_Exercise:_
Pull every line holding the word "children" out of the data and copy it.

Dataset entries
★ ★ ★
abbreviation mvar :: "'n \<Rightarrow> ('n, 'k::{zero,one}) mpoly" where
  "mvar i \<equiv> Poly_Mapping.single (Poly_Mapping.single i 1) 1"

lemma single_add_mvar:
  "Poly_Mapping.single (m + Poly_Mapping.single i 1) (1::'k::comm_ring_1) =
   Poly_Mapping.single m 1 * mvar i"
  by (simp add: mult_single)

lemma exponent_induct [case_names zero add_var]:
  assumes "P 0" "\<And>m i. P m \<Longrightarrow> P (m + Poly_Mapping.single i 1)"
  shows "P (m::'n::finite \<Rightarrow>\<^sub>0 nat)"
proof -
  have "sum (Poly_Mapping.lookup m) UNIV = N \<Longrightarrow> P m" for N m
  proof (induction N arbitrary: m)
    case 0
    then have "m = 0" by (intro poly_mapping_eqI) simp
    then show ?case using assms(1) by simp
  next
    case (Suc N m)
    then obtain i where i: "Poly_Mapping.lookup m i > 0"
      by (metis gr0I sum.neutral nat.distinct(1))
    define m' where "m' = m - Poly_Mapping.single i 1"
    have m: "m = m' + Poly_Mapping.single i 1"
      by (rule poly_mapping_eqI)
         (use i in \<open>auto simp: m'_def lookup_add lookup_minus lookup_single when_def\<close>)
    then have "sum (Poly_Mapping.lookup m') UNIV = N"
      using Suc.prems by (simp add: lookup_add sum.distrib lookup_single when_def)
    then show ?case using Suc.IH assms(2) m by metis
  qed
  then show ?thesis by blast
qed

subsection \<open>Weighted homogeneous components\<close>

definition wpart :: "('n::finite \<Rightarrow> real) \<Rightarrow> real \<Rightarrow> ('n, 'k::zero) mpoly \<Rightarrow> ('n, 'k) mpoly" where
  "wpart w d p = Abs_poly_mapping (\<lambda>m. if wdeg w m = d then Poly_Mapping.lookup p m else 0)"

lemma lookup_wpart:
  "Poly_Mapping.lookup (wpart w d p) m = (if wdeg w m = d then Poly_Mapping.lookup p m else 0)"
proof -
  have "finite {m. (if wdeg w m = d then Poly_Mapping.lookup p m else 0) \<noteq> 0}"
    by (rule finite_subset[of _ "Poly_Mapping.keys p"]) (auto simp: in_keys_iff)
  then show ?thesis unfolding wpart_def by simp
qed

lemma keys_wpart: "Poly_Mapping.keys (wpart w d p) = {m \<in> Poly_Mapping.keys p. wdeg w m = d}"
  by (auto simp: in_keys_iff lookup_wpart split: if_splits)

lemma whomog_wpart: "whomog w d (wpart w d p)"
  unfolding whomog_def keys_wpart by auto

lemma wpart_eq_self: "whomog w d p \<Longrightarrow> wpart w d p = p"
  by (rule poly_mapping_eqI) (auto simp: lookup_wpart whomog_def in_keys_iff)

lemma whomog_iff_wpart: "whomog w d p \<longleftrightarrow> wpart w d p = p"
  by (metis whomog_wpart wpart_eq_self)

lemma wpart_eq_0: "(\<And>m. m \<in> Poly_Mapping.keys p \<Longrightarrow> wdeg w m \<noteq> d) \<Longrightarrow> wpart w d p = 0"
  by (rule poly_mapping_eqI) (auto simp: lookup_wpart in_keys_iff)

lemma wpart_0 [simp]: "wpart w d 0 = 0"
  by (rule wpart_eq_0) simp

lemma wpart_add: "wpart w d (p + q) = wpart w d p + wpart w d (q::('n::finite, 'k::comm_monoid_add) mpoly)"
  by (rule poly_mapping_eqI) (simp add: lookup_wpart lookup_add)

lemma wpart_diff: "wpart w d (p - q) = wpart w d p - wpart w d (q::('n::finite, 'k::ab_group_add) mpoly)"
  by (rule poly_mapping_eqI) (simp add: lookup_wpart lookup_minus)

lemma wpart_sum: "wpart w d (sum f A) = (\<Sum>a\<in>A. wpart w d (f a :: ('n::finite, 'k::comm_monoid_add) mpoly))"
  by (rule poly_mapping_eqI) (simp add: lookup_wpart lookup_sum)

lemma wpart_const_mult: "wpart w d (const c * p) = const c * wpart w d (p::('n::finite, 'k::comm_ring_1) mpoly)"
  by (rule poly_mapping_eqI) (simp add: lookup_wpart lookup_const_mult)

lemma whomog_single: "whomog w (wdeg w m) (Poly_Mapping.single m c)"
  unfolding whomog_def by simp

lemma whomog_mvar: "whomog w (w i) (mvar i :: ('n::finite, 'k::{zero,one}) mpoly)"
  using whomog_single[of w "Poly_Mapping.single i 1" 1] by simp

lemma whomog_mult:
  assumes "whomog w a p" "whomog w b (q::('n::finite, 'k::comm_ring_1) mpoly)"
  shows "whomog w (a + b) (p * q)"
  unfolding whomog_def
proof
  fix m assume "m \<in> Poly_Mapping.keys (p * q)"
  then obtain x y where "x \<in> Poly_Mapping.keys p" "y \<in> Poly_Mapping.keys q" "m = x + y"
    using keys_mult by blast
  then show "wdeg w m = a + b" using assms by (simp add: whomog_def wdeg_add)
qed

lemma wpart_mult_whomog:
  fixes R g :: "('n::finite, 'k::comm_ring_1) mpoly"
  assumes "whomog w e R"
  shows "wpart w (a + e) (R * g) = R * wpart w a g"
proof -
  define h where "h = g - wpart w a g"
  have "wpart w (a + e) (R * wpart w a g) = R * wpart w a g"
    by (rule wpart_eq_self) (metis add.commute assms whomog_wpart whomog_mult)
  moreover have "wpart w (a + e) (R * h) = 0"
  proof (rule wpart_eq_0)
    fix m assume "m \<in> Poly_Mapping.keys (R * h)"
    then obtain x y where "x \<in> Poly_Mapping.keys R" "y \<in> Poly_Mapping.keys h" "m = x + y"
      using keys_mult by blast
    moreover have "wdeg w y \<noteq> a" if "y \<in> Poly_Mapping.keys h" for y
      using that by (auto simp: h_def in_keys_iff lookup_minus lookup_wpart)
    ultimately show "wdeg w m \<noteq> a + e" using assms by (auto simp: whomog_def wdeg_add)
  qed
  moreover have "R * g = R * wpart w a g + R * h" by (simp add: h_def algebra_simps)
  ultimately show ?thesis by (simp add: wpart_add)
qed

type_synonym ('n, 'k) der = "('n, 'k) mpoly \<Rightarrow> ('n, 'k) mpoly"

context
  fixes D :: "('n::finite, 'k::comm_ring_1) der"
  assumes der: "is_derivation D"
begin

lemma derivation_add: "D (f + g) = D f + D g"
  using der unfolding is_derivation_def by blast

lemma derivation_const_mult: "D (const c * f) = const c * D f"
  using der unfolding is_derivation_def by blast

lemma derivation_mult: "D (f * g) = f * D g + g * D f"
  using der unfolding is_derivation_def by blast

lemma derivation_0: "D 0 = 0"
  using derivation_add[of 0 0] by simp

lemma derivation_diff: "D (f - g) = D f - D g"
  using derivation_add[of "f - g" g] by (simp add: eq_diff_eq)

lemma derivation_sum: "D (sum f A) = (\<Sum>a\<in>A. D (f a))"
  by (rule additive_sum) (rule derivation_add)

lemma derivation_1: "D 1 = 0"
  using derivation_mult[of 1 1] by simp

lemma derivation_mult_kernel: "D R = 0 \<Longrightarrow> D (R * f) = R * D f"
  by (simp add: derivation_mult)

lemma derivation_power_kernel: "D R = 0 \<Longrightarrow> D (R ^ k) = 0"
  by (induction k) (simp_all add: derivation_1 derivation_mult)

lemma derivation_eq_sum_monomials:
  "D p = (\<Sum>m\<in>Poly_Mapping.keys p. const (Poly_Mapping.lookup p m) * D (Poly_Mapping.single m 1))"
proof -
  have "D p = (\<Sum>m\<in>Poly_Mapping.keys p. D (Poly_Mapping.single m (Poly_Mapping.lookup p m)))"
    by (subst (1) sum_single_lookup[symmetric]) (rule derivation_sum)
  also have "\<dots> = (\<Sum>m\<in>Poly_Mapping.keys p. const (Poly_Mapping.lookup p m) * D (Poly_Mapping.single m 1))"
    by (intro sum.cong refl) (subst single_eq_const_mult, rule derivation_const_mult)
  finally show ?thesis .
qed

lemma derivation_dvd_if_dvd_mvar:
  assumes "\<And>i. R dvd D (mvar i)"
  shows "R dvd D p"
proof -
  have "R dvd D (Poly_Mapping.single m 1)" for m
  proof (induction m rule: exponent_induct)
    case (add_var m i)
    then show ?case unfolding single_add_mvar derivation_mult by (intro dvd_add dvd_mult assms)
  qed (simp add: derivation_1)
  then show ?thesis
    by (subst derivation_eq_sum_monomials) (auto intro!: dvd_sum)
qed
★ ★ ★
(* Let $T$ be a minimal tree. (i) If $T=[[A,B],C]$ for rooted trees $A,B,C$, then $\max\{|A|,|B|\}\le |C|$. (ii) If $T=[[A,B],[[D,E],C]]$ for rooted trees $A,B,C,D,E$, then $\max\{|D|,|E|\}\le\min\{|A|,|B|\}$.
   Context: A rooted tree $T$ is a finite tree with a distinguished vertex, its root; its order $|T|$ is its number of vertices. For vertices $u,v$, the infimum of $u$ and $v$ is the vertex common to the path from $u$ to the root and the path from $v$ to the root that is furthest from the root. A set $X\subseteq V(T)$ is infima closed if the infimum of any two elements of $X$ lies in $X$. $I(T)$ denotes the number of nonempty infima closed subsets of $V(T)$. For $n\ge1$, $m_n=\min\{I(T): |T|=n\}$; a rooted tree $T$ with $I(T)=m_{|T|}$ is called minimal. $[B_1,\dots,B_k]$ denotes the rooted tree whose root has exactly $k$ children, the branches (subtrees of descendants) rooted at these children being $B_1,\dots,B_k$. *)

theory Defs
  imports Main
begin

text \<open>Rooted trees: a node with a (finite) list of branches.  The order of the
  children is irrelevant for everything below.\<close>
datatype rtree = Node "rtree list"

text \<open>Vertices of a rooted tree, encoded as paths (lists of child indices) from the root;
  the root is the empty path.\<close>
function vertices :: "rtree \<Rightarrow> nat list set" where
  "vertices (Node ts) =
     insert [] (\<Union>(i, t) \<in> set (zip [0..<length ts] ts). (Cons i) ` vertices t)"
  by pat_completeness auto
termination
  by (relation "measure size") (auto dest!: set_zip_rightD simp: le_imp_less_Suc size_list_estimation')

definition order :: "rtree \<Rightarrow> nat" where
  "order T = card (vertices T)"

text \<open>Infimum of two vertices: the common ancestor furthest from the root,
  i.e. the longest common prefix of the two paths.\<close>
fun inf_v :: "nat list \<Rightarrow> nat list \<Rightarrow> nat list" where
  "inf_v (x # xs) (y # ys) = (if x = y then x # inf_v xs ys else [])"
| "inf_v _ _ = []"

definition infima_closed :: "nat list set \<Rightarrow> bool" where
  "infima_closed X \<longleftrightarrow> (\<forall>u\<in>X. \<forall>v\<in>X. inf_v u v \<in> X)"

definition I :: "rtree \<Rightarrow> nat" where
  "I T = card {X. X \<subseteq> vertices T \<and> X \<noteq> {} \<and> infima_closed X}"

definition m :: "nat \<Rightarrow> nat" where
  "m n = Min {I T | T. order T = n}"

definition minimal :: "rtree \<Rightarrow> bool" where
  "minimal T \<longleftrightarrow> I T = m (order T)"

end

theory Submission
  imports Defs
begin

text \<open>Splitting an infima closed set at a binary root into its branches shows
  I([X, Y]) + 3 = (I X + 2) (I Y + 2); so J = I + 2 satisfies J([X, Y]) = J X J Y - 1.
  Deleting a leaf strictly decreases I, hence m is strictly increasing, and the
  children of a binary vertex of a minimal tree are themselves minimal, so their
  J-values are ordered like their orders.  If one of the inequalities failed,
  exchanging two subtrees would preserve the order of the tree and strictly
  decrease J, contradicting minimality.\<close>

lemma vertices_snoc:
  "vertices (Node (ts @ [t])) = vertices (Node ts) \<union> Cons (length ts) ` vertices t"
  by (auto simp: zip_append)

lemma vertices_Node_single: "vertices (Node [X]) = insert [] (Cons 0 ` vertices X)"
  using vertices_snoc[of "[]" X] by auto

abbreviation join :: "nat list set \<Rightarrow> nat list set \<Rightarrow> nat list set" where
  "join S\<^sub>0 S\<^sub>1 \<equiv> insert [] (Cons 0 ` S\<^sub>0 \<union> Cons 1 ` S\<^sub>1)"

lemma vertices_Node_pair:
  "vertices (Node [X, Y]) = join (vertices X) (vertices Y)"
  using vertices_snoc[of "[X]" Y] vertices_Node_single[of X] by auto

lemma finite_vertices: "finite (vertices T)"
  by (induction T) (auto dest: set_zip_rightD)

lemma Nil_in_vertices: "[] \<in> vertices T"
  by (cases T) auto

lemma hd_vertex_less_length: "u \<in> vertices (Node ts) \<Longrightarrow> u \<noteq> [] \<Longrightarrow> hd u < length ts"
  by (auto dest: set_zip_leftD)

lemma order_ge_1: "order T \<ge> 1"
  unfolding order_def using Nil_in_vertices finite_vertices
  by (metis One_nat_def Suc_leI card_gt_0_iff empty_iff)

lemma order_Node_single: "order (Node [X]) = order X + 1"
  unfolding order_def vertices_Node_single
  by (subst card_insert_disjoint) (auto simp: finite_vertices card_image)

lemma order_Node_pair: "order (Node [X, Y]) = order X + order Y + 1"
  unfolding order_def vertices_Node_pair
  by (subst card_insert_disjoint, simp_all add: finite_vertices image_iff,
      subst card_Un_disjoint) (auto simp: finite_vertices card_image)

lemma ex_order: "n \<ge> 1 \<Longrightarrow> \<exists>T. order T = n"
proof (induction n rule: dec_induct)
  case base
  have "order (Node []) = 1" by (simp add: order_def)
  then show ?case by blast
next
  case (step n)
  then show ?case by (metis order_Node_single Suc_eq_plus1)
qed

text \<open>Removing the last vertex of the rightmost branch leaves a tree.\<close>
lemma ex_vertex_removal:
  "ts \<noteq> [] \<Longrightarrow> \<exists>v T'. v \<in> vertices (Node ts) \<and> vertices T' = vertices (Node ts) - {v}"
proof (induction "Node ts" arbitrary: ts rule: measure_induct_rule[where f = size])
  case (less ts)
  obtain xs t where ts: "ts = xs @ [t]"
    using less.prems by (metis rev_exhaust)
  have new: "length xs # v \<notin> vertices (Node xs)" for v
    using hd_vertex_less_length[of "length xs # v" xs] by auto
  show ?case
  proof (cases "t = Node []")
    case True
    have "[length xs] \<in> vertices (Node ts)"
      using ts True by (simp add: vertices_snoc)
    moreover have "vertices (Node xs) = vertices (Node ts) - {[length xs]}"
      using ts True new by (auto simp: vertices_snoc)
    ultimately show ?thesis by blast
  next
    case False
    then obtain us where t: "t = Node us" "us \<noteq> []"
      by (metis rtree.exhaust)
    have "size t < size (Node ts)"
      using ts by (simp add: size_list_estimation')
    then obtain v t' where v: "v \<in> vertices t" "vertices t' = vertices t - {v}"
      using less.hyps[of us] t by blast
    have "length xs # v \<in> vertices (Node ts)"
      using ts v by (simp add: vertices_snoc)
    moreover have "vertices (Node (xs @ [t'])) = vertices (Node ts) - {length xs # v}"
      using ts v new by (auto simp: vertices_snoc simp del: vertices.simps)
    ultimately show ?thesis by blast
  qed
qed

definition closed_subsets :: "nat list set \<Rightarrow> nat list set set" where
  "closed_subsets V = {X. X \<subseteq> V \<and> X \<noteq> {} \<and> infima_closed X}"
★ ★ ★
_Written answer:_
   Context: A rooted tree $T$ is a finite tree with a distinguished vertex, its root; its order $|T|$ is its number of vertices. For vertices $u,v$, the infimum of $u$ and $v$ is the vertex common to the path from $u$ to the root and the path from $v$ to the root that is furthest from the root. A set $X\subseteq V(T)$ is infima closed if the infimum of any two elements of $X$ lies in $X$. $I(T)$ denotes the number of nonempty infima closed subsets of $V(T)$. For $n\ge1$, $m_n=\min\{I(T): |T|=n\}$; a rooted tree $T$ with $I(T)=m_{|T|}$ is called minimal. $[B_1,\dots,B_k]$ denotes the rooted tree whose root has exactly $k$ children, the branches (subtrees of descendants) rooted at these children being $B_1,\dots,B_k$. *)
  children is irrelevant for everything below.\<close>
  children of a binary vertex of a minimal tree are themselves minimal, so their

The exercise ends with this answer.